The description is a single, efficient sentence that gets straight to the point. It's appropriately sized for a search/list tool. However, it could be slightly more structured by separating search from listing functions, and it doesn't front-load the most critical information about output format.

Shorter descriptions cost fewer tokens and are easier for agents to parse. Every sentence should earn its place.

Completeness2/5

Given the tool's complexity, does the description cover enough for an agent to succeed on first attempt?

For a search tool with 4 parameters and no output schema, the description is insufficient. It doesn't explain what the tool returns (zone objects, references, or just names), whether results are filtered or paginated, or how the search behaves with multiple parameters. With no annotations and no output schema, more descriptive context is needed.
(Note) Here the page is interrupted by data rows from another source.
(* Let $\Omega,\Omega^*$ be compact metric spaces, $c\in C(\Omega\times\Omega^* )$, and $h_0,h_1\colon[0,+\infty)\to[0,+\infty)$ two finite-valued entropy functions. Let $\mu_1,\mu_2\in\mathcal M_+(\Omega)$, $\nu\in\mathcal M_+(\Omega^* )$, and $\phi_i\in\Phi_{h,c}(\mu_i,\nu)$ for $i=1,2$. Let $U$ be a Borel subset of $\Omega$ and suppose that $\mu_1\leq\mu_2$ on $U$ and $\phi_1\leq\phi_2$ on $\Omega\setminus U$. Then \[ \phi_1\wedge\phi_2\in\Phi_{h,c}(\mu_1,\nu)\quad\text{and}\quad\phi_1\vee\phi_2\in\Phi_{h,c}(\mu_2,\nu). \] Additionally, $-h_0^*(-\phi_1(x))\leq-h_0^*(-\phi_2(x))$ for $x\in\operatorname{supp}(\mu_2-\mu_1)$.
   Context: An entropy function is a proper, convex, lower semicontinuous $h\colon[0,\infty)\to[0,\infty]$ with $h(s)/s\to+\infty$ as $s\to\infty$; $h^*(r)=\sup_{s\geq0}rs-h(s)$ is its convex conjugate (finite and nondecreasing). For $m\in\mathcal M_+$ (finite positive Borel measures), the internal energy is $H_{h,m}(\rho)=\int h(d\rho/dm)\,dm$ if $\rho$ is positive and $\rho\ll m$, $+\infty$ otherwise. The unbalanced cost is $\mathcal{UT}_{h,c}(\mu,\nu)=\inf_{\pi\in\mathcal M_+(\Omega\times\Omega^* )}H_{h_0,\mu}(\pi_0)+H_{h_1,\nu}(\pi_1)+\int c\,d\pi$, with $\pi_0,\pi_1$ the marginals of $\pi$. With $\phi^c(y)=\sup_{x\in\Omega}\phi(x)-c(x,y)$, by duality $\mathcal{UT}_{h,c}(\mu,\nu)=\sup_{\phi\in C(\Omega)}\int_\Omega-h_0^*(-\phi)\,d\mu-\int_{\Omega^*}h_1^*(\phi^c)\,d\nu$, and $\Phi_{h,c}(\mu,\nu)$ is the set of $\phi\in C(\Omega)$ for which $\int_\Omega-h_0^*(-\phi)\,d\mu-\int_{\Omega^*}h_1^*(\phi^c)\,d\nu=\mathcal{UT}_{h,c}(\mu,\nu)$. $\wedge,\vee$ are pointwise min/max; "$\mu_1\leq\mu_2$ on $U$" means $\mu_1(A)\leq\mu_2(A)$ for all Borel $A\subset U$; the support of a signed measure is that of its total variation. *)

theory Defs
  imports "HOL-Analysis.Analysis"
begin

text \<open>Finite-valued entropy function on [0,+infinity): nonnegative, convex,
 lower semicontinuous on [0,+infinity), superlinear at infinity.
 Values outside [0,+infinity) are irrelevant.\<close>
definition entropy_fun :: "(real \<Rightarrow> real) \<Rightarrow> bool" where
  "entropy_fun h \<longleftrightarrow>
     (\<forall>s\<ge>0. h s \<ge> 0) \<and> convex_on {0..} h \<and>
     (\<forall>s\<ge>0. \<forall>t. (\<forall>\<^sub>F u in at s within {0..}. h u > t) \<or> h s \<le> t) \<and>
     filterlim (\<lambda>s. h s / s) at_top at_top"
Complex tools with many parameters or behaviors need more documentation. Simple tools need less. This dimension scales expectations accordingly.

Parameters3/5

Does the description clarify parameter syntax, constraints, interactions, or defaults beyond what the schema provides?

Schema description coverage is 100%, so the schema already documents all four parameters thoroughly. The description adds no additional parameter semantics beyond what's in the schema - it doesn't explain relationships between parameters, provide examples, or clarify search behavior. Baseline 3 is appropriate when schema does the heavy lifting.

Input schemas describe structure but not intent. Descriptions should explain non-obvious parameter relationships and valid value ranges.

Purpose4/5

Does the description clearly state what the tool does and how it differs from similar tools?

The description clearly states the tool's purpose with specific verbs ('Search and list') and resource ('DNS authoritative zones in Infoblox'). It distinguishes itself from sibling tools like 'get_dns_views' or 'get_all_records_in_zone' by focusing on zones rather than views or records. However, it doesn't explicitly differentiate from 'create_zone' or 'delete_zone' in terms of operation type beyond the obvious verb differences.

Agents choose between tools based on descriptions. A clear purpose with a specific verb and resource helps agents select the right tool.

Usage Guidelines2/5

Does the description explain when to use this tool, when not to, or what alternatives exist?

The description provides no guidance on when to use this tool versus alternatives. It doesn't mention when to prefer this over 'global_search' for zone queries, or how it relates to 'search_dns_records' for record-level searches. There's no context about prerequisites, typical use cases, or exclusions.

Agents often have multiple tools that could apply. Explicit usage guidance like "use X instead of Y when Z" prevents misuse.